Усиление полиса также проистекало из другой характеристики военно-морского флота — децентрализации командных структур по сравнению с командованием сухопутных армий. Отдельно взятый военный корабль был автономным, поскольку море представляло собой огромное неограниченное пространство. Во всех парусных флотилиях море подобным образом расстраивало централизованные командные структуры, сбивая корабли с курса в большинстве битв. Сначала необходимо было государство, способное к интеграции армии и флота, чтобы военно-морские силы могли оказать негативное влияние на децентрализованную демократию. Рим и Карфаген были единственными кандидатами, претендовавшими на существование подобного государства.
Тем не менее по мере роста военно-морской флот создал еще одну угрозу автономии полиса. Человеческие ресурсы граждан истощались. Маленьким городам-государствам, построившим собственный флот, вскоре стало требоваться больше гребцов, чем могли предоставить граждане. Эгинцы отправили 30 трирем, (галер с тремя рядами весел) для битвы при Сала-мине в 480 г. до н. э., для которых было необходимо 6000 мужчин призывного возраста, хотя общее население острова Эгины в то время составляло всего 9000 человек. Фукидид рассказывает об интересных дипломатических переговорах, состоявшихся между Афинами и Коринфом в 432 г. до н. э. Коринф проводил политику, в соответствии с которой пытался выкупить афинских гребцов, которые, как утверждалось, все равно были наемниками. Перикл, участвовавший в переговорах со стороны Афин, утверждал, что Афины могут предоставить своим гребцам нечто большее, чем просто зарплаты. Они могли обеспечить безопасность труда и безопасность для домов гребцов в городе-государстве (на самом деле он угрожал гребцам, подчеркивая, что Афины могут отказать им в возможности вернуться на родину). Он допускал, что большинство гребцов происходили из других греческих государств, за исключением рулевых и унтер-офицеров, которые были афинянами. Поэтому расширение военного флота несло с собой иерархию. Более крупные города-государства командовали гражданами более мелких государств: мульти государственная система давала сбои.
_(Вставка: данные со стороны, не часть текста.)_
(* Let $F:\mathbb R^n\to\mathbb R^n$ be monotone with $\|F(z)-F(z')\|\le\ell\|z-z'\|$ and $\|\partial F(z)-\partial F(z')\|_\sigma\le\Lambda\|z-z'\|$. Let $\eta>0$, $z^{(-1)},z^{(0)}\in\mathbb R^n$, $z^{(t+1)}=z^{(t)}-2\eta F(z^{(t)})+\eta F(z^{(t-1)})$, $w^{(t)}:=z^{(t)}+\eta F(z^{(t-1)})$, $A^{(t)}:=\int_0^1\partial F(w^{(t)}-(1-\alpha)\eta F(z^{(t)}))d\alpha$, $B^{(t)}:=\int_0^1\partial F(w^{(t)}-(1-\alpha)\eta F(z^{(t-1)}))d\alpha$. Fix an integer $T\ge1$, set $C^{(T)}:=0$ and recursively $C^{(t-1)}:=(I-\eta A^{(t)}+C^{(t)})^{-1}\eta(\eta A^{(t)}-C^{(t)})B^{(t)}$ for $t=T,\dots,0$, and define $$D^{(t)}:=-\eta C^{(t)}B^{(t)}+(I-\eta A^{(t)}+C^{(t)})^{-1}(\eta A^{(t)}-C^{(t)})^2\eta B^{(t)}.$$ Suppose there is $L_0>0$ such that for all $0\le t\le T$, $\max\{\eta\|A^{(t)}\|_\sigma,\eta\|B^{(t)}\|_\sigma\}\le L_0\le\sqrt{1/200}$, and $\eta\ell\le 2/3$. Then for each $t\in\{1,\dots,T\}$, $$D^{(t)}+(D^{(t)})^\top\preceq 6L_0\eta^2(B^{(t)})^\top B^{(t)}+4L_0\eta^2A^{(t)}(A^{(t)})^\top+\Big(4L_0+\frac1{3L_0}\Big)C^{(t)}(C^{(t)})^\top$$ and $$(D^{(t)})^\top D^{(t)}\preceq 60L_0^4\eta^2(B^{(t)})^\top B^{(t)}.$$
   Context: $F$ monotone means $\langle F(z')-F(z),z'-z\rangle\ge0$ for all $z,z'$. $\partial F$ is the Jacobian; $\|\cdot\|_\sigma$ the spectral norm; $S\preceq T$ means $T-S$ is positive semidefinite. (Under these hypotheses the inverses in the definitions exist.) *)

theory Defs
  imports "HOL-Analysis.Analysis"
begin

definition jac :: "(real^'n \<Rightarrow> real^'n) \<Rightarrow> real^'n \<Rightarrow> real^'n^'n" where
  "jac F z = matrix (frechet_derivative F (at z))"

(* spectral norm = operator norm w.r.t. the Euclidean norm *)
definition specnorm :: "real^'n^'m \<Rightarrow> real" where
  "specnorm M = onorm (\<lambda>x. M *v x)"

definition psd_le :: "real^'n^'n \<Rightarrow> real^'n^'n \<Rightarrow> bool" where
  "psd_le S T \<longleftrightarrow> (\<forall>x. 0 \<le> x \<bullet> ((T - S) *v x))"

definition monotone_op :: "(real^'n \<Rightarrow> real^'n) \<Rightarrow> bool" where
  "monotone_op F \<longleftrightarrow> (\<forall>z z'. 0 \<le> (F z' - F z) \<bullet> (z' - z))"

definition wseq :: "(real^'n \<Rightarrow> real^'n) \<Rightarrow> real \<Rightarrow> (int \<Rightarrow> real^'n) \<Rightarrow> int \<Rightarrow> real^'n" where
  "wseq F \<eta> z t = z t + \<eta> *\<^sub>R F (z (t - 1))"

definition Amat :: "(real^'n \<Rightarrow> real^'n) \<Rightarrow> real \<Rightarrow> (int \<Rightarrow> real^'n) \<Rightarrow> int \<Rightarrow> real^'n^'n" where
  "Amat F \<eta> z t = integral {0..1}
     (\<lambda>\<alpha>::real. jac F (wseq F \<eta> z t - (1 - \<alpha>) *\<^sub>R (\<eta> *\<^sub>R F (z t))))"

definition Bmat :: "(real^'n \<Rightarrow> real^'n) \<Rightarrow> real \<Rightarrow> (int \<Rightarrow> real^'n) \<Rightarrow> int \<Rightarrow> real^'n^'n" where
  "Bmat F \<eta> z t = integral {0..1}
     (\<lambda>\<alpha>::real. jac F (wseq F \<eta> z t - (1 - \<alpha>) *\<^sub>R (\<eta> *\<^sub>R F (z (t - 1)))))"

definition Dmat :: "real \<Rightarrow> real^'n^'n \<Rightarrow> real^'n^'n \<Rightarrow> real^'n^'n \<Rightarrow> real^'n^'n" where
  "Dmat \<eta> A B C =
     - (\<eta> *\<^sub>R (C ** B))
     + matrix_inv (mat 1 - \<eta> *\<^sub>R A + C) ** ((\<eta> *\<^sub>R A - C) ** (\<eta> *\<^sub>R A - C)) ** (\<eta> *\<^sub>R B)"

end

theory Submission
  imports Defs
begin

(* Write X = eta A - C and K = (I - X)^-1 X. From eta |A|, eta |B| <= L0 <= 1/10 and
   |C| <= 2 L0^2 we get |X| <= 6/5 L0, hence |K| <= |X| / (1 - |X|) <= 3/2 L0 by the
   Neumann series bound. The recursion reads C(t-1) = K (eta B), so |C(t-1)| <= 3/2 L0^2,
   and the bound |C(t)| <= 2 L0^2 propagates backwards from C(T) = 0.
   Since (I - X)^-1 commutes with X, D = (X K - C) (eta B). Thus |D v| <= 4 L0^2 |eta B v|,
   which is the bound on D^T D, and
     v.D v = (eta A^T v).(K eta B v) - (C^T v).(K eta B v) - (C^T v).(eta B v)
   is bounded by Cauchy-Schwarz and AM-GM, which is the bound on D + D^T. *)

lemma norm_matrix_vector_le_specnorm: "norm (M *v v) \<le> specnorm M * norm v"
  unfolding specnorm_def by (rule onorm[OF matrix_vector_mul_bounded_linear])

lemma norm_matrix_vector_le:
  assumes "specnorm M \<le> c"
  shows "norm (M *v v) \<le> c * norm v"
  using norm_matrix_vector_le_specnorm[of M v] mult_right_mono[OF assms norm_ge_zero[of v]] by linarith

lemma specnorm_nonneg: "0 \<le> specnorm M"
  unfolding specnorm_def by (rule onorm_pos_le[OF matrix_vector_mul_bounded_linear])

lemma specnorm_le:
  fixes M :: "real^'n^'m"
  assumes "\<And>v. norm (M *v v) \<le> c * norm v"
  shows "specnorm M \<le> c"
  unfolding specnorm_def by (rule onorm_le) (rule assms)

lemma specnorm_zero [simp]: "specnorm (0 :: real^'n^'m) = 0"
  by (rule antisym[OF specnorm_le specnorm_nonneg]) simp

lemma specnorm_scaleR: "specnorm (a *\<^sub>R M) = \<bar>a\<bar> * specnorm M"
  unfolding specnorm_def scaleR_matrix_vector_assoc[symmetric]
  by (rule onorm_scaleR[OF matrix_vector_mul_bounded_linear])

lemma specnorm_diff_le: "specnorm (M - N) \<le> specnorm M + specnorm N"
proof (rule specnorm_le)
  fix v
  have "norm ((M - N) *v v) \<le> norm (M *v v) + norm (N *v v)"
    by (simp add: matrix_vector_mult_diff_rdistrib norm_triangle_ineq4)
  also have "\<dots> \<le> (specnorm M + specnorm N) * norm v"
    by (simp add: distrib_right add_mono norm_matrix_vector_le_specnorm)
  finally show "norm ((M - N) *v v) \<le> (specnorm M + specnorm N) * norm v" .
qed

lemma specnorm_mult_le: "specnorm (M ** N) \<le> specnorm M * specnorm N"
proof (rule specnorm_le)
  fix v
  have "norm ((M ** N) *v v) \<le> specnorm M * norm (N *v v)"
    by (simp add: norm_matrix_vector_le_specnorm flip: matrix_vector_mul_assoc)
  also have "\<dots> \<le> specnorm M * (specnorm N * norm v)"
    by (simp add: mult_left_mono norm_matrix_vector_le_specnorm specnorm_nonneg)
  finally show "norm ((M ** N) *v v) \<le> specnorm M * specnorm N * norm v"
    by (simp add: mult.assoc)
qed

lemma matrix_inv_mult:
  assumes "invertible A"
  shows "A ** matrix_inv A = mat 1" and "matrix_inv A ** A = mat 1"
  using someI_ex[OF assms[unfolded invertible_def]] by (simp_all add: matrix_inv_def)

lemma invertible_one_minus:
  fixes X :: "real^'n^'n"
  assumes "specnorm X < 1"
  shows "invertible (mat 1 - X)"
proof -
  have "u = 0" if "(mat 1 - X) *v u = 0" for u
  proof -
    have "norm u = norm (X *v u)"
      using that by (simp add: matrix_vector_mult_diff_rdistrib)
    also have "\<dots> \<le> specnorm X * norm u"
      by (rule norm_matrix_vector_le_specnorm)
    finally have "(1 - specnorm X) * norm u \<le> 0"
      by (simp add: algebra_simps)
    then show "u = 0"
      using assms by (simp add: mult_le_0_iff)
  qed
  then show ?thesis
    unfolding invertible_left_inverse matrix_left_invertible_ker by blast
qed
Похожие изменения происходили и в сухопутных войсках: поскольку силы наемников возрастали, граждане бедных государств сражались как гоплиты-лшит/ (потомки свободнорожденных иностранцев) на стороне тех городов, которые были богаче. Так как рост ресурсов предполагал рост армий на поле боя, сами армии становились тактически более разнообразными. Фессалийская конница, скифские и фракийские лучники (все формы северных пограничных земель) координировались с гоплитами, повышая иерархию и централизацию.